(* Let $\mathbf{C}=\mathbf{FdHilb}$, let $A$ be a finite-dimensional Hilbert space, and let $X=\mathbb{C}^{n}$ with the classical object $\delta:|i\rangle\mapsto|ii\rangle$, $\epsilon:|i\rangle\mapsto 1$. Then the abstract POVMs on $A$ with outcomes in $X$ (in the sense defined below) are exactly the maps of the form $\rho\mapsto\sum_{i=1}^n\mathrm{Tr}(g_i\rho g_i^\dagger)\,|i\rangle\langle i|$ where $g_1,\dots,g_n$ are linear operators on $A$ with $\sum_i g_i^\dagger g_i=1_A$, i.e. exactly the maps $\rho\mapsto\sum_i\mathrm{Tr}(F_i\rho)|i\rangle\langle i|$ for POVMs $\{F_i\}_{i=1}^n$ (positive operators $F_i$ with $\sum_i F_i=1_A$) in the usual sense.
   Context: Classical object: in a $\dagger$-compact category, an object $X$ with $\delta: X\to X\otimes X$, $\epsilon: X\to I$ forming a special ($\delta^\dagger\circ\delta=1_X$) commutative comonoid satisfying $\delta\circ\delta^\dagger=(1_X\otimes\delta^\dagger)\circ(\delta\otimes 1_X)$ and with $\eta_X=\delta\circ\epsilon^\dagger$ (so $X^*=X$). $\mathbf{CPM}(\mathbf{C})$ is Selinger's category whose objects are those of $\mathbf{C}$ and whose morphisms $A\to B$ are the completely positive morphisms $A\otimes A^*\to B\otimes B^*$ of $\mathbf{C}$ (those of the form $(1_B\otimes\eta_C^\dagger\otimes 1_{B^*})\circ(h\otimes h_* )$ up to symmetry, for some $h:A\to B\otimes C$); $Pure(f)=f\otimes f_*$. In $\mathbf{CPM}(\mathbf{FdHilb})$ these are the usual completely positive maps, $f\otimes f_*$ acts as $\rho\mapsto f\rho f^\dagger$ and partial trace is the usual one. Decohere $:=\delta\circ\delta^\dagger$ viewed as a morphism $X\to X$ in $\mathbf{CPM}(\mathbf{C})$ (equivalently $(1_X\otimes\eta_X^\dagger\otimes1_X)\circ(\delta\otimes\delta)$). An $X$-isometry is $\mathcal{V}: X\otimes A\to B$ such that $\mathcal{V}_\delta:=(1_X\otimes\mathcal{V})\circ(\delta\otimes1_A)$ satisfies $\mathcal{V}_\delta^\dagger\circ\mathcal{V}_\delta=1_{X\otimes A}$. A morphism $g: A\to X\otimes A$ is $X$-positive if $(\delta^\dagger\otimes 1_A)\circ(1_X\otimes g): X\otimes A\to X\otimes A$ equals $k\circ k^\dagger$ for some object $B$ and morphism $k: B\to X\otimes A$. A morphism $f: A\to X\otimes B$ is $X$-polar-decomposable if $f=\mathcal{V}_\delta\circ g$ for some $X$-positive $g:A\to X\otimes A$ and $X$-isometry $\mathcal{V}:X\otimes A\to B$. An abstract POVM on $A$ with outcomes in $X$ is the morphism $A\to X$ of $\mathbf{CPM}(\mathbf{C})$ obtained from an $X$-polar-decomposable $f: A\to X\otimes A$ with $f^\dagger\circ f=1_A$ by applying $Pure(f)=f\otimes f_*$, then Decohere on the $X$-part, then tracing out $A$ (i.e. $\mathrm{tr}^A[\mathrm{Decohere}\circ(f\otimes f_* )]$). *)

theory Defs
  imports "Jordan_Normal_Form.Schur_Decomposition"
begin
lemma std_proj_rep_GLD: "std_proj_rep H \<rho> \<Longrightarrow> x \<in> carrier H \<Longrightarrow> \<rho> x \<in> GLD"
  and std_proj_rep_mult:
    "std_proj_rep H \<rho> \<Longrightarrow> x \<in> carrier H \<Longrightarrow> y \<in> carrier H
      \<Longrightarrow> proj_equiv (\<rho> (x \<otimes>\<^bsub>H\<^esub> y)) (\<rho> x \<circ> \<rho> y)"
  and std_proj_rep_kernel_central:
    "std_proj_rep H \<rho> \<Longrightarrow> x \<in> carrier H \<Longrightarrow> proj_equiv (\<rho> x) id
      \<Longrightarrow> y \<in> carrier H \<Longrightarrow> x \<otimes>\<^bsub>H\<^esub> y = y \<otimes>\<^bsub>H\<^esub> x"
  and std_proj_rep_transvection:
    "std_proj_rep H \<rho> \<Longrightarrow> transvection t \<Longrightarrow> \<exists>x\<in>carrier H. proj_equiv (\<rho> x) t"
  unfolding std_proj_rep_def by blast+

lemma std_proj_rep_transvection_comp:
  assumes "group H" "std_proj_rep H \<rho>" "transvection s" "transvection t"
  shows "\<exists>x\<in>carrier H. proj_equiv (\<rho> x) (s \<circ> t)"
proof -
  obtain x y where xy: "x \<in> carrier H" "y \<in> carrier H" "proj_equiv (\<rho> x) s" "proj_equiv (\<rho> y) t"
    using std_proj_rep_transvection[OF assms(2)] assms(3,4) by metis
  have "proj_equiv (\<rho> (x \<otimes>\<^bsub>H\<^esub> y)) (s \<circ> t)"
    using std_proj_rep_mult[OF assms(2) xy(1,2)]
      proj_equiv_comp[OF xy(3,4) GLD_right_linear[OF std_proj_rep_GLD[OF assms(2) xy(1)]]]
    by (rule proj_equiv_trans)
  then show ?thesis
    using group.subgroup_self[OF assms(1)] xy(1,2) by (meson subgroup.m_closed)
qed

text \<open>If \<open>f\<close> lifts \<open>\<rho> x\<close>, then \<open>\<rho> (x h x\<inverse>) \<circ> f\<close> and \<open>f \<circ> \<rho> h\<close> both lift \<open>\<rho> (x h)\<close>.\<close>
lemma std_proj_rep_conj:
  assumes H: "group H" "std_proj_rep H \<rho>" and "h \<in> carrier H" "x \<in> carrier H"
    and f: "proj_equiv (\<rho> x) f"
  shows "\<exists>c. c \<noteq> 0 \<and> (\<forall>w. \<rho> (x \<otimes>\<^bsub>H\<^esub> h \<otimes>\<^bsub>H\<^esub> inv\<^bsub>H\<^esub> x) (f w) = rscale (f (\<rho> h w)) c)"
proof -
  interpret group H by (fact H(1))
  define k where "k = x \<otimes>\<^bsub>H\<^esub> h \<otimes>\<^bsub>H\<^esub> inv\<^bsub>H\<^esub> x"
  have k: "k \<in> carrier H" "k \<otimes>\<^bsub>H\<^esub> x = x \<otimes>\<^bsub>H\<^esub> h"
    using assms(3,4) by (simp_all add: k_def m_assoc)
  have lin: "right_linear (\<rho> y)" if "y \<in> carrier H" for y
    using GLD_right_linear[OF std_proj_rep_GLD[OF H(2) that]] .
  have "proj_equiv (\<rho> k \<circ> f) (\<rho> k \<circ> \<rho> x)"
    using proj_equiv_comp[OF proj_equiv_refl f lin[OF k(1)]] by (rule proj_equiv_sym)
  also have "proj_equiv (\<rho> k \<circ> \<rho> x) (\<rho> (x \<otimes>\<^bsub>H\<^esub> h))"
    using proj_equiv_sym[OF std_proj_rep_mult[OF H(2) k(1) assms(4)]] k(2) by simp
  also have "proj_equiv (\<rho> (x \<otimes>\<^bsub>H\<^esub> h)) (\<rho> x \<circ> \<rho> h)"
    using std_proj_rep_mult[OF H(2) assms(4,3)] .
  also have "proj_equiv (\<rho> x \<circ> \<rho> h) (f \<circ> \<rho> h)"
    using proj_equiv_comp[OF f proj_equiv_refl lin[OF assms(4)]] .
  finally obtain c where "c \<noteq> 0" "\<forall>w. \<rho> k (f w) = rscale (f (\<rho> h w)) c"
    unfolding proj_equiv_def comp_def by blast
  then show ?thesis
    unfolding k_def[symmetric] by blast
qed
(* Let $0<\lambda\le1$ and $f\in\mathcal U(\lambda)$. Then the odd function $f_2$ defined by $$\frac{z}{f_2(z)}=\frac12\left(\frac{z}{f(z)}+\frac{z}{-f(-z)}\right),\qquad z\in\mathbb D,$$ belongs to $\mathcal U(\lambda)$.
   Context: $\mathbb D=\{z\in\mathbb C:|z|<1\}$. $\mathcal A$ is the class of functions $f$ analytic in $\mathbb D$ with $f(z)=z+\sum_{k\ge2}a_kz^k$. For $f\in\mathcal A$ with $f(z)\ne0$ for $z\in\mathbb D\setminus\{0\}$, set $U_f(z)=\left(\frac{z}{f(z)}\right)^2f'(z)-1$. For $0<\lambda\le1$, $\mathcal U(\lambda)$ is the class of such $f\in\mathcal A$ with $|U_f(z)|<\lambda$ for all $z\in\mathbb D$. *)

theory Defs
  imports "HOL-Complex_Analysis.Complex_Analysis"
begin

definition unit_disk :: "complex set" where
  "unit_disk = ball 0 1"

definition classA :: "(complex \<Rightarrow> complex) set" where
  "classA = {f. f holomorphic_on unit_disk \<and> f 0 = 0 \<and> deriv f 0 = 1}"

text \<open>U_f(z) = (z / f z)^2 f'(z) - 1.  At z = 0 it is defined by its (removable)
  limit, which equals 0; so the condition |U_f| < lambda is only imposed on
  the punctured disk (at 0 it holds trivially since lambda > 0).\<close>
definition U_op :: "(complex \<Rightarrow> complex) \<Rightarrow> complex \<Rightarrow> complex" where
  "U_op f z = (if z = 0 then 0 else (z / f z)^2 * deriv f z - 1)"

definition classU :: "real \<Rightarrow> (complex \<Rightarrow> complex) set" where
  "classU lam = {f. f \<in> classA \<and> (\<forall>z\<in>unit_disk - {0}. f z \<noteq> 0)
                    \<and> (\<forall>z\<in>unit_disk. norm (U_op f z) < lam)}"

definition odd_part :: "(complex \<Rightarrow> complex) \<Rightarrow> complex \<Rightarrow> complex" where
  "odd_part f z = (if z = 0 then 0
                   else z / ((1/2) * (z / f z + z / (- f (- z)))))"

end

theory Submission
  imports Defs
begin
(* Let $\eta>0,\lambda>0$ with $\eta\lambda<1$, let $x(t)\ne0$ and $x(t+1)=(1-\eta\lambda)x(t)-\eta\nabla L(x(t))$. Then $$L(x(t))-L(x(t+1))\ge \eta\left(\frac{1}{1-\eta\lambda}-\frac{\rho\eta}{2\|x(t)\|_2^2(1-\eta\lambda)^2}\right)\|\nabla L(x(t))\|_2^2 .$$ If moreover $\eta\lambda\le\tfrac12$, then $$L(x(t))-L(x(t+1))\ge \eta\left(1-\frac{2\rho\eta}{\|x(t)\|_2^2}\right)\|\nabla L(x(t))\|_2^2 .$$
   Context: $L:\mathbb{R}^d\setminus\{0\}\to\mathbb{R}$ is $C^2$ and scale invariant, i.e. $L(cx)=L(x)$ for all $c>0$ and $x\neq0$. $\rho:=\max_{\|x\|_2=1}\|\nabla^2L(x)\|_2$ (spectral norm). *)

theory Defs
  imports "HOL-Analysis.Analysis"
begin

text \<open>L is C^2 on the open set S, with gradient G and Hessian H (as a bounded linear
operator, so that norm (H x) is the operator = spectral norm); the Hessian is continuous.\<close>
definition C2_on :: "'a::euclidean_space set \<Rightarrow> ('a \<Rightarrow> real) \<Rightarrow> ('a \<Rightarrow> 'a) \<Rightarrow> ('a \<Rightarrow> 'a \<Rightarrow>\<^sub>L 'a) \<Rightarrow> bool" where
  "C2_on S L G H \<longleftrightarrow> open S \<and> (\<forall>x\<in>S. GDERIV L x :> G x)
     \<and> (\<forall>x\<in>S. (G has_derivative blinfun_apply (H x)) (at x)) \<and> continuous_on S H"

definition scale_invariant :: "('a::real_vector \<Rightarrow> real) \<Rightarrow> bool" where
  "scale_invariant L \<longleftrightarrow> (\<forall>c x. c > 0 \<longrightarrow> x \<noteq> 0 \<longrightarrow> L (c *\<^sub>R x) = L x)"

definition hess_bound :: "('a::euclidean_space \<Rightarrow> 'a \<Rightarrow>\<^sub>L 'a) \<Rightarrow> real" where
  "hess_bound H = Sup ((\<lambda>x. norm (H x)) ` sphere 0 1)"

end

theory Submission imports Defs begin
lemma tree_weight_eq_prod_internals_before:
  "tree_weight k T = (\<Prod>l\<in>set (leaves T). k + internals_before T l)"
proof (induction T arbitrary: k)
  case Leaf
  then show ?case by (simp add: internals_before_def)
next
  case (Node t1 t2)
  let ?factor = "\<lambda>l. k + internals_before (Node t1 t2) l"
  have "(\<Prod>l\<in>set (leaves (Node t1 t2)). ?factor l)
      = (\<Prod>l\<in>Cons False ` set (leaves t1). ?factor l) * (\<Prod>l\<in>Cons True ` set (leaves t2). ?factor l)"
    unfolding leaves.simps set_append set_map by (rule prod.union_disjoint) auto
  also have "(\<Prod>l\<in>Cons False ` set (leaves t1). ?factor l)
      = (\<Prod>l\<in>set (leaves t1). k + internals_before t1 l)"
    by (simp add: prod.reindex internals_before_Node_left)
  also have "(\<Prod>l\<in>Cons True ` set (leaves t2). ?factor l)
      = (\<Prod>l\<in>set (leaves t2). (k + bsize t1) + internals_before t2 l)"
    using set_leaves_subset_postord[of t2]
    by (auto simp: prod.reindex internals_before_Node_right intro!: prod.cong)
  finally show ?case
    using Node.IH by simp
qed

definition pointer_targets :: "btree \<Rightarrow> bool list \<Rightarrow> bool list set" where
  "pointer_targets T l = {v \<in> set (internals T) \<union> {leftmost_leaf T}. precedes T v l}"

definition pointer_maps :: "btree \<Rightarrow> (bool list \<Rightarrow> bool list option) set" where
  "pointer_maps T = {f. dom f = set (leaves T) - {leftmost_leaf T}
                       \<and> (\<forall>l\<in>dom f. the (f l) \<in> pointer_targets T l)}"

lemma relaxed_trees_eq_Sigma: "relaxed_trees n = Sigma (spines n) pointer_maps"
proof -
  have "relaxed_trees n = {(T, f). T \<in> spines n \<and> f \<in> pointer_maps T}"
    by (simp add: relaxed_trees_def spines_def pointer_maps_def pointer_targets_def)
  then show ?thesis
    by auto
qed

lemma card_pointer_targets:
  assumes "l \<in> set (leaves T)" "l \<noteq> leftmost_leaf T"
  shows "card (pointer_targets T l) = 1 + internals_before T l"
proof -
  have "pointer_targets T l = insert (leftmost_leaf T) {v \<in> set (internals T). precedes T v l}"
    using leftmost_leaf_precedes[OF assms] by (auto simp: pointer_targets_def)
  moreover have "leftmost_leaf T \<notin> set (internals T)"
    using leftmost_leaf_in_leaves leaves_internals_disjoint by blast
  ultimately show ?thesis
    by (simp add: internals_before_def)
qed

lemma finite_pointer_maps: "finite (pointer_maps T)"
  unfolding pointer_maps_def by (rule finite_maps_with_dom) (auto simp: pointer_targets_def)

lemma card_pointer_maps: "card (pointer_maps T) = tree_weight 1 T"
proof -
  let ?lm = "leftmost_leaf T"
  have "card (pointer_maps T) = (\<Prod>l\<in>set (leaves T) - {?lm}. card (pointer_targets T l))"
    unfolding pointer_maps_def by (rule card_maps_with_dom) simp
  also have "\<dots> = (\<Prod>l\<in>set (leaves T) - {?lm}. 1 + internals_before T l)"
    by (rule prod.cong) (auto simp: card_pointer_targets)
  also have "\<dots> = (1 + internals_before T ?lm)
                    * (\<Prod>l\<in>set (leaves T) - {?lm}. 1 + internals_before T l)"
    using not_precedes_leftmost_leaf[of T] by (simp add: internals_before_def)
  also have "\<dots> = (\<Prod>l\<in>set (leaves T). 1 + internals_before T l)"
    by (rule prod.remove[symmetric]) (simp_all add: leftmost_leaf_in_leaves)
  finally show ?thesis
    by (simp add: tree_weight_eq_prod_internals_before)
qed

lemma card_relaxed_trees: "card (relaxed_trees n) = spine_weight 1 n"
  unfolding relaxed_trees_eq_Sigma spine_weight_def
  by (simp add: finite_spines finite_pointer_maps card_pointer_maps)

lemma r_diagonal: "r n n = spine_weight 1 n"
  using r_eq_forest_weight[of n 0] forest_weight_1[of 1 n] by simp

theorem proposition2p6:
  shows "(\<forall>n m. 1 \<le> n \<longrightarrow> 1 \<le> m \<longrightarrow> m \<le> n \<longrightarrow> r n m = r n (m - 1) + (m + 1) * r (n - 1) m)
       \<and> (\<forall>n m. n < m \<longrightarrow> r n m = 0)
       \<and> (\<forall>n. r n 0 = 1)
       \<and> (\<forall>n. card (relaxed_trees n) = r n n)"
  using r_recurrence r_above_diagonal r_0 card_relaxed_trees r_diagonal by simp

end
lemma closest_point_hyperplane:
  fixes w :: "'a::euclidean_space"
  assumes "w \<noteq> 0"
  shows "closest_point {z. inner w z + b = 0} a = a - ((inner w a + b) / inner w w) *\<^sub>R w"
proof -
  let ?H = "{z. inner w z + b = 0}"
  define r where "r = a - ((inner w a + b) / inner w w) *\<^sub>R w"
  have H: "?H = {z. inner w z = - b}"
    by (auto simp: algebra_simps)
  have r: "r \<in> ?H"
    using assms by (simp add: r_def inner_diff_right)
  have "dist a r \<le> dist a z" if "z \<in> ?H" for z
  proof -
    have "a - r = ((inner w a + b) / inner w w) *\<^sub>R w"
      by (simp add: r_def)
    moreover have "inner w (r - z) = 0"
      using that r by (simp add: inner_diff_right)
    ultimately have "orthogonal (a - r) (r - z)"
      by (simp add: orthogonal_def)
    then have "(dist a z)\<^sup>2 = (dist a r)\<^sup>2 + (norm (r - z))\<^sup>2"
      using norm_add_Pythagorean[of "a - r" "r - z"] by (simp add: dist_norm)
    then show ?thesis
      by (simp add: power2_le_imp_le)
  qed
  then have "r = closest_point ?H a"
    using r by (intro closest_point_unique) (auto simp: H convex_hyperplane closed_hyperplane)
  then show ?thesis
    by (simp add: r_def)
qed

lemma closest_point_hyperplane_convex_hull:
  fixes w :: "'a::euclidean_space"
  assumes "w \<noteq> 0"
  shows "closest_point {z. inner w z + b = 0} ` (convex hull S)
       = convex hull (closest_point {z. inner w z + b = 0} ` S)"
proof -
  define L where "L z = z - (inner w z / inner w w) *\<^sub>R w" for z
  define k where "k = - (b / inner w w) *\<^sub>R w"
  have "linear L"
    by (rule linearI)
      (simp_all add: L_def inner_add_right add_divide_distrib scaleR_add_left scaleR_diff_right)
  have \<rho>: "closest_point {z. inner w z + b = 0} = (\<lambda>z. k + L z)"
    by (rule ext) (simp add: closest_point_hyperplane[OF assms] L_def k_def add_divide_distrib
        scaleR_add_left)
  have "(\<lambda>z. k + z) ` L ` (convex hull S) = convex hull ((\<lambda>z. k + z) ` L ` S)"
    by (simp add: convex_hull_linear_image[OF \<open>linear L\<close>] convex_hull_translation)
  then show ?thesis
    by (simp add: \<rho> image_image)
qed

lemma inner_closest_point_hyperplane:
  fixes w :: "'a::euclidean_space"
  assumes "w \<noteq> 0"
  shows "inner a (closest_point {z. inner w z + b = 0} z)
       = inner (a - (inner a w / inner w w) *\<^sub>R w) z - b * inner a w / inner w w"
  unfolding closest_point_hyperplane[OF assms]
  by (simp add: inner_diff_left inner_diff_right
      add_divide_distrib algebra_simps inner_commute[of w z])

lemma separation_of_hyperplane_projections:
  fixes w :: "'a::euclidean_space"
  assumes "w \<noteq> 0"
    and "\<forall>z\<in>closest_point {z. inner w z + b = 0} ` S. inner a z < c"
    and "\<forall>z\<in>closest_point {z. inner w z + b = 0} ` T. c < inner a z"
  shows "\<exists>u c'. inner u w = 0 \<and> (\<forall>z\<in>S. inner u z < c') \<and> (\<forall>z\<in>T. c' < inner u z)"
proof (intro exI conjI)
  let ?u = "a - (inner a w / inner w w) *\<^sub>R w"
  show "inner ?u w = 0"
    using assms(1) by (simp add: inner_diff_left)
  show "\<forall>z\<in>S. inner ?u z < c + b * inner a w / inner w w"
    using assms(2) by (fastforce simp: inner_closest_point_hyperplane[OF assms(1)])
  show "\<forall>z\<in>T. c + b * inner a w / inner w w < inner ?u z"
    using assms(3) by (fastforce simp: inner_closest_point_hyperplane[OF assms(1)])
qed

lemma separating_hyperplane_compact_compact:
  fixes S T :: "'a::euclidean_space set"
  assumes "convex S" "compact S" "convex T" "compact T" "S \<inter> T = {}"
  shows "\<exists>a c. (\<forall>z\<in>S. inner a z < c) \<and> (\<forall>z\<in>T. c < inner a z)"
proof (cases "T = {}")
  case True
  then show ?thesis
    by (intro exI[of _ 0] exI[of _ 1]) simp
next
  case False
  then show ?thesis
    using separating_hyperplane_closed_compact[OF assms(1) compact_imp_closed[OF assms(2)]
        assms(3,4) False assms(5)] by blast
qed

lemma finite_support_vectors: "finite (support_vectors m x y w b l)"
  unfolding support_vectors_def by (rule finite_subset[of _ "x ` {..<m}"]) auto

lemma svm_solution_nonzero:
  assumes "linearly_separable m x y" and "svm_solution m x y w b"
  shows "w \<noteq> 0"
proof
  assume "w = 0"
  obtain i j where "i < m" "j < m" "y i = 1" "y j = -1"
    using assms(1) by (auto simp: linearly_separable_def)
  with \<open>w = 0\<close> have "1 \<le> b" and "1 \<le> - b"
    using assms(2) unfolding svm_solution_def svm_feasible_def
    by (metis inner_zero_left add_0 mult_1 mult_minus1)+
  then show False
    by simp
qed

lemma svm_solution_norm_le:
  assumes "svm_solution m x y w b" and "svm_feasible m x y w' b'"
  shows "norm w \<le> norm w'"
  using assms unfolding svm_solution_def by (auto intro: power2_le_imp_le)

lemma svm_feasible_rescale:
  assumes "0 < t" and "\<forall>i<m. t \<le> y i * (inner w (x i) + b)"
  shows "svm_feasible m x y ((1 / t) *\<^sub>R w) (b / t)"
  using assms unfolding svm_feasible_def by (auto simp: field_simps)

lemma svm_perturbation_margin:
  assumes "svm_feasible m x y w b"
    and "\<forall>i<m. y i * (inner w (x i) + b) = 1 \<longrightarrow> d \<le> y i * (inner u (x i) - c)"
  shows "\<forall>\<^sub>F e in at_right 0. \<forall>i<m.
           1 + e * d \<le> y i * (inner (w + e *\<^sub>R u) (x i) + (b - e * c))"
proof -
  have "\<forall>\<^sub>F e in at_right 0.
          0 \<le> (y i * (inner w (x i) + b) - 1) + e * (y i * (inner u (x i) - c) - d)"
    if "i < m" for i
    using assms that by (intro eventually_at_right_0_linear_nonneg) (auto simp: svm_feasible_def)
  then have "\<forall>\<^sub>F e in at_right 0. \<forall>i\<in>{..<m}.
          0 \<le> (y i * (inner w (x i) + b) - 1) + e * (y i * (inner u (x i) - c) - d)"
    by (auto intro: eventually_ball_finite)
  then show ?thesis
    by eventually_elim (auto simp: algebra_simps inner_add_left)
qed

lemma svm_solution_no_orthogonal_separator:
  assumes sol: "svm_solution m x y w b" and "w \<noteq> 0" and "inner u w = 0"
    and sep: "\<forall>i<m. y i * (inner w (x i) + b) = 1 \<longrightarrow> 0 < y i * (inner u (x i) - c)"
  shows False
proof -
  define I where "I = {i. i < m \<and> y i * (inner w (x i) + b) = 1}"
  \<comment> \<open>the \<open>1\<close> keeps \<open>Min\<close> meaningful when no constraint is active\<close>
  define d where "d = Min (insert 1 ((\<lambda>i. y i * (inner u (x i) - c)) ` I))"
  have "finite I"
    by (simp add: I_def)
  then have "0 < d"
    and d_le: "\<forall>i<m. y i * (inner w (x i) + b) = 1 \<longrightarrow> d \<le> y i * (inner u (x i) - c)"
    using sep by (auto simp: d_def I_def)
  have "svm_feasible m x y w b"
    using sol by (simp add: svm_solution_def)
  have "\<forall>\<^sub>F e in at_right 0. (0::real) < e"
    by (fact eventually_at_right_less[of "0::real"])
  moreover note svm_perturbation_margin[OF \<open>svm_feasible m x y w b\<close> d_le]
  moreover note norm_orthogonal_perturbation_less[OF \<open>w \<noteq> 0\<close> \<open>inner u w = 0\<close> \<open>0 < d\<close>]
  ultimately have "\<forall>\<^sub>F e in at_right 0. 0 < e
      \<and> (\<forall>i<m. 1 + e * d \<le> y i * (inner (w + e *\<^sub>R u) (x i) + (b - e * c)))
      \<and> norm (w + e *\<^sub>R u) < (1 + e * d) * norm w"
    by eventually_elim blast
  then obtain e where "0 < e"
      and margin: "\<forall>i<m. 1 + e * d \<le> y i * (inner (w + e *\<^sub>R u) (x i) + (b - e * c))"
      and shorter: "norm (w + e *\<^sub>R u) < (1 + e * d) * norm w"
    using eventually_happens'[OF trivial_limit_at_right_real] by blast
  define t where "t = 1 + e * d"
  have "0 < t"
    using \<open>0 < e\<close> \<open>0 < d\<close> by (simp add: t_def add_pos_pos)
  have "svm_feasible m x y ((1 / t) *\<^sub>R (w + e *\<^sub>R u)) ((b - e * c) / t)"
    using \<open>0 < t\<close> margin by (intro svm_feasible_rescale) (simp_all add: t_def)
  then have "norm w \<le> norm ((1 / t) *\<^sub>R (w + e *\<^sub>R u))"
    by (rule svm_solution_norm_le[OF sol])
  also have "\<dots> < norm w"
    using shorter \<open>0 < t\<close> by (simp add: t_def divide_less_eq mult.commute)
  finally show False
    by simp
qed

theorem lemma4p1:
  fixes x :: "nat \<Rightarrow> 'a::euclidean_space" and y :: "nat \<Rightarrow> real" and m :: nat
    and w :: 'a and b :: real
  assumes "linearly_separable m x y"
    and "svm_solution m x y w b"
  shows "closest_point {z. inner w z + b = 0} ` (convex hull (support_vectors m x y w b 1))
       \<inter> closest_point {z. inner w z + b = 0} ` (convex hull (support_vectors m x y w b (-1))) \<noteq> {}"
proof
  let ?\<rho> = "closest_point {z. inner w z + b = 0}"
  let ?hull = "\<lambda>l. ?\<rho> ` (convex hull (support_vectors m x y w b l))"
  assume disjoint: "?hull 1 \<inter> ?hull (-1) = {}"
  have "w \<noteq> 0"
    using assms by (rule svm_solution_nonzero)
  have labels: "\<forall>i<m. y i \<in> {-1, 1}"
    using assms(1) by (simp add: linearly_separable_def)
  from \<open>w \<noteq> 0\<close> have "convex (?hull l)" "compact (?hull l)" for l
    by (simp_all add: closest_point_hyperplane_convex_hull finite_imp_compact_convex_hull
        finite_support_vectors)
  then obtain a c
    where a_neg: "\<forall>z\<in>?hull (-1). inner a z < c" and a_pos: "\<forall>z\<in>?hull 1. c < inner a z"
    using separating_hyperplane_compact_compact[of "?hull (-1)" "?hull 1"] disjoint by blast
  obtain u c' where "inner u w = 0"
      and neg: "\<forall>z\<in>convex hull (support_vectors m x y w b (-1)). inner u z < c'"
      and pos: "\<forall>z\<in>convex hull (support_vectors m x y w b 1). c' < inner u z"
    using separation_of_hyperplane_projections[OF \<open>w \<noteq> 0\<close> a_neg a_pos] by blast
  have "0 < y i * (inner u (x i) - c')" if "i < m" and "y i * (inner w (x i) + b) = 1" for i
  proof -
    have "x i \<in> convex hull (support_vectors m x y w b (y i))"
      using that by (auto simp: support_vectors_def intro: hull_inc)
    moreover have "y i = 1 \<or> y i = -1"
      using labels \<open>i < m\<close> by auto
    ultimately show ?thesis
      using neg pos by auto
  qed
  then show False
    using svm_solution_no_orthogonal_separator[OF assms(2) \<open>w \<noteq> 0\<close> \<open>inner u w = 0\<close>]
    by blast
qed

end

Your task:
Only one stretch of the entries above is wanted: the lines from the one containing "(\<forall>n. card (relaxed_trees" through the one containing "by (rule linearI)". Please reproduce it exactly.

Written answer:
       \<and> (\<forall>n. card (relaxed_trees n) = r n n)"
  using r_recurrence r_above_diagonal r_0 card_relaxed_trees r_diagonal by simp

end
lemma closest_point_hyperplane:
  fixes w :: "'a::euclidean_space"
  assumes "w \<noteq> 0"
  shows "closest_point {z. inner w z + b = 0} a = a - ((inner w a + b) / inner w w) *\<^sub>R w"
proof -
  let ?H = "{z. inner w z + b = 0}"
  define r where "r = a - ((inner w a + b) / inner w w) *\<^sub>R w"
  have H: "?H = {z. inner w z = - b}"
    by (auto simp: algebra_simps)
  have r: "r \<in> ?H"
    using assms by (simp add: r_def inner_diff_right)
  have "dist a r \<le> dist a z" if "z \<in> ?H" for z
  proof -
    have "a - r = ((inner w a + b) / inner w w) *\<^sub>R w"
      by (simp add: r_def)
    moreover have "inner w (r - z) = 0"
      using that r by (simp add: inner_diff_right)
    ultimately have "orthogonal (a - r) (r - z)"
      by (simp add: orthogonal_def)
    then have "(dist a z)\<^sup>2 = (dist a r)\<^sup>2 + (norm (r - z))\<^sup>2"
      using norm_add_Pythagorean[of "a - r" "r - z"] by (simp add: dist_norm)
    then show ?thesis
      by (simp add: power2_le_imp_le)
  qed
  then have "r = closest_point ?H a"
    using r by (intro closest_point_unique) (auto simp: H convex_hyperplane closed_hyperplane)
  then show ?thesis
    by (simp add: r_def)
qed

lemma closest_point_hyperplane_convex_hull:
  fixes w :: "'a::euclidean_space"
  assumes "w \<noteq> 0"
  shows "closest_point {z. inner w z + b = 0} ` (convex hull S)
       = convex hull (closest_point {z. inner w z + b = 0} ` S)"
proof -
  define L where "L z = z - (inner w z / inner w w) *\<^sub>R w" for z
  define k where "k = - (b / inner w w) *\<^sub>R w"
  have "linear L"
    by (rule linearI)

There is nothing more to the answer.